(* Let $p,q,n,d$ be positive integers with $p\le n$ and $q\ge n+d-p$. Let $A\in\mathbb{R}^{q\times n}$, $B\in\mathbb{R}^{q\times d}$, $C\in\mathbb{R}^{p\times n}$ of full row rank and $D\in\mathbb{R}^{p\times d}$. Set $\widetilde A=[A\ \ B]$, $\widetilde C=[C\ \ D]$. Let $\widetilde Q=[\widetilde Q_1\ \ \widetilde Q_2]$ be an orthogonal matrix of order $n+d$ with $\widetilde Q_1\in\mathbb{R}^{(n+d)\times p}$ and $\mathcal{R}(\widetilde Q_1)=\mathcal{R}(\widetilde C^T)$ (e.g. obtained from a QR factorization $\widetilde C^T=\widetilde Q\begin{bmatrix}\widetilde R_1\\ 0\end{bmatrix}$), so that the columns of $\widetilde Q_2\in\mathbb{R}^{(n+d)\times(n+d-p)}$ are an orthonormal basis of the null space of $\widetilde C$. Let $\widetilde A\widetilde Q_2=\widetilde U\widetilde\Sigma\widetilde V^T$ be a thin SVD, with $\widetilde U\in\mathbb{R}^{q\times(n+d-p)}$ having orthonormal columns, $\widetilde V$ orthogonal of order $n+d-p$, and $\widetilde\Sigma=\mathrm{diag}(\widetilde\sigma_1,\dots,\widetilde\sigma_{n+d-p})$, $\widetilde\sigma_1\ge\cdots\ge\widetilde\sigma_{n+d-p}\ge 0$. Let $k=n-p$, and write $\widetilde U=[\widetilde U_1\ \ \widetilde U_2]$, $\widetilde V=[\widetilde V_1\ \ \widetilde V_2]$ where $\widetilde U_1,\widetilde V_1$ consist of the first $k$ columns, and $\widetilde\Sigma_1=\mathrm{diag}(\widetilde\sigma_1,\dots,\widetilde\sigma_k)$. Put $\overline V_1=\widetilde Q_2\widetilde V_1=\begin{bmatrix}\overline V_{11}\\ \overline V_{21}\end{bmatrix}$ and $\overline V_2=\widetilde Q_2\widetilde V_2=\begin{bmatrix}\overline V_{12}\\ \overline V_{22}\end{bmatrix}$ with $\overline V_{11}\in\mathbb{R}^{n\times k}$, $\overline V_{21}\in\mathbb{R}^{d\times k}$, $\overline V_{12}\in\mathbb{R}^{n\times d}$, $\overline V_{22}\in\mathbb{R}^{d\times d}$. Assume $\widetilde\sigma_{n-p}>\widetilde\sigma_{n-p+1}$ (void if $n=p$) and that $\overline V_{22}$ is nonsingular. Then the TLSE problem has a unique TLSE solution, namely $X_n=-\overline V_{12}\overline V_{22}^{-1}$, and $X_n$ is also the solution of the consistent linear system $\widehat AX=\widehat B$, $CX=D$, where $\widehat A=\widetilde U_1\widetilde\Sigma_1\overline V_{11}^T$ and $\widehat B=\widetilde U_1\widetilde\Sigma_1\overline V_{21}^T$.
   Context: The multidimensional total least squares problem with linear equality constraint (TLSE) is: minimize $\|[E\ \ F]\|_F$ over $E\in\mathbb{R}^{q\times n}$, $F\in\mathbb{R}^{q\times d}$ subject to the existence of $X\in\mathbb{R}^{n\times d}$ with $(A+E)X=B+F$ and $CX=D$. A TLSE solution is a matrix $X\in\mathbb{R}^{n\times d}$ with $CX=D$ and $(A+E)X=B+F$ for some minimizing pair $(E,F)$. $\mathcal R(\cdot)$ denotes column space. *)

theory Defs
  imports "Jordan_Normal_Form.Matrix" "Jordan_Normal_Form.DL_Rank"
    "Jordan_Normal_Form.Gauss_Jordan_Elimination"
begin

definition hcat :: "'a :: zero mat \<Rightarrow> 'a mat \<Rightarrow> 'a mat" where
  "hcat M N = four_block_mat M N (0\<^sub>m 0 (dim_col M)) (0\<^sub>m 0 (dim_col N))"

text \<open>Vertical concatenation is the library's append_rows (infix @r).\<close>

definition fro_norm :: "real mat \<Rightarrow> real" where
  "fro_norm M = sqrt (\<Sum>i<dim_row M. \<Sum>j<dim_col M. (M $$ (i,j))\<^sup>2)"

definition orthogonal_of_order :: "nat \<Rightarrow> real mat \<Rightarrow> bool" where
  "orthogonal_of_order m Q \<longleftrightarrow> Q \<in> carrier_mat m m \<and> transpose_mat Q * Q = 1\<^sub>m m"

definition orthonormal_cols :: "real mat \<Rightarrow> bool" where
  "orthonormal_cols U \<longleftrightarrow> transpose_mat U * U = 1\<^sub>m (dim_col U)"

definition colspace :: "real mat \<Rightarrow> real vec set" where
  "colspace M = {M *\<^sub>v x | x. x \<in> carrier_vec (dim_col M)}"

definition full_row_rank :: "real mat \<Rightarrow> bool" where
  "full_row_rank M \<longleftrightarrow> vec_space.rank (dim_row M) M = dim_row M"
◆ ◆ ◆ ◆
▶ **What is needed**
Write out each line above containing "definition".

▶ **Reply**
definition hcat :: "'a :: zero mat \<Rightarrow> 'a mat \<Rightarrow> 'a mat" where
definition fro_norm :: "real mat \<Rightarrow> real" where
definition orthogonal_of_order :: "nat \<Rightarrow> real mat \<Rightarrow> bool" where
definition orthonormal_cols :: "real mat \<Rightarrow> bool" where
definition colspace :: "real mat \<Rightarrow> real vec set" where
definition full_row_rank :: "real mat \<Rightarrow> bool" where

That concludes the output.